Don’t give up. Believe that things can be different. Believe that God can change anything. Any addiction can be removed. Any pain can be healed. It’s not over yet. In fact you’re just getting started. Now is the time to have hope. And to embrace change.

Pray my friends. Cry out to God. Go into your quiet place, in the living, in the bedroom, and cry out to God. Let your tears speak your words. Our scripture today posed the question: Is anyone among you suffering? And it answers: Let him pray.

And then it says, “Is anyone among you cheerful?” Let them sing songs. Life isn’t always hard and painful either is it? There a good times too. There are happy times. There are joyous times. I remember growing up playing in the woods, and loving every minute of it.

Are you struggling? Then pray! Very simple. But how often do we forget to pray? We worry about it. We stress. We get angry. We complain about it to our friends. We go and try to force things to go our way. But we forget to pray! Prayer is powerful my friends. In fact the word of God says “pray at all times” and “pray without ceasing” and “don’t worry about anything, but pray about everything, making your requests known to God.”
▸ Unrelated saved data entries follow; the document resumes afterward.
lemma integrable_ell_LL:
  assumes f: "integrable M f" and y: "y \<in> borel_measurable M" and "\<And>u. \<bar>y u\<bar> = 1"
  shows "integrable M (\<lambda>u. ell_LL (f u) (y u))"
proof (rule Bochner_Integration.integrable_bound)
  show "integrable M (\<lambda>u. ln 2 + \<bar>f u\<bar>)"
    using f by simp
  show "(\<lambda>u. ell_LL (f u) (y u)) \<in> borel_measurable M"
    using borel_measurable_integrable[OF f] y unfolding ell_LL_def by measurable
  show "AE u in M. norm (ell_LL (f u) (y u)) \<le> norm (ln 2 + \<bar>f u\<bar>)"
  proof (rule AE_I2)
    fix u
    have "ell_LL 0 (y u) = ln 2"
      unfolding ell_LL_def by simp
    then show "norm (ell_LL (f u) (y u)) \<le> norm (ln 2 + \<bar>f u\<bar>)"
      using ell_LL_le[OF \<open>\<bar>y u\<bar> = 1\<close>, of "f u" 0] ell_LL_nonneg[of "f u" "y u"] by simp
  qed
qed

lemma integral_ell_LL_le:
  assumes f: "integrable M f" and g: "integrable M g"
    and y: "y \<in> borel_measurable M" and y_abs: "\<And>u. \<bar>y u\<bar> = 1"
  shows "(\<integral>u. ell_LL (f u) (y u) \<partial>M)
    \<le> (\<integral>u. ell_LL (g u) (y u) \<partial>M) + (\<integral>u. \<bar>f u - g u\<bar> \<partial>M)"
proof -
  have int_g: "integrable M (\<lambda>u. ell_LL (g u) (y u))" and int_diff: "integrable M (\<lambda>u. \<bar>f u - g u\<bar>)"
    using integrable_ell_LL[OF g y y_abs] f g by auto
  have "(\<integral>u. ell_LL (f u) (y u) \<partial>M) \<le> (\<integral>u. ell_LL (g u) (y u) + \<bar>f u - g u\<bar> \<partial>M)"
    using integrable_ell_LL[OF f y y_abs] int_g int_diff ell_LL_le[OF y_abs]
    by (intro integral_mono) auto
  then show ?thesis
    using int_g int_diff by simp
qed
Even Jesus our savior, when he was in the garden of Gethsemane, so afraid and miserable and stressed about going to the cross that he was sweating blood, what did he do in the garden? He prayed. If Jesus had to pray, how much more should we pray when we are in need?

Then verses 14 and 15 answer the question of sick and illness. It says, “ 14 Is anyone among you sick? Let him call for the elders of the church, and let them pray over him, anointing him with oil in the name of the Lord. 15 And the prayer of faith will save the sick, and the Lord will raise him up. And if he has committed sins, he will be forgiven.”

That’s pretty powerful. If you are sick, you should have others pray for you. I often ask for prayer, sometimes I’ll ask people personally, text somebody, or I’ll even post on Facebook, here’s my prayer request, please pray! And tons of people will comment and pray for me.

But we also see this biblical practice of gathering the elders of the church, those who are in authority over the body, and then someone who is sick will gather with them, and they’ll anoint their head with oil, and pray for them, and they’ll be healed. And not only that, it says if they’ve committed sins, they’ll be forgiven. Something about the gathering of the body of Christ, brings about healing, which of course comes from the Lord himself, but God works through people. He works through us.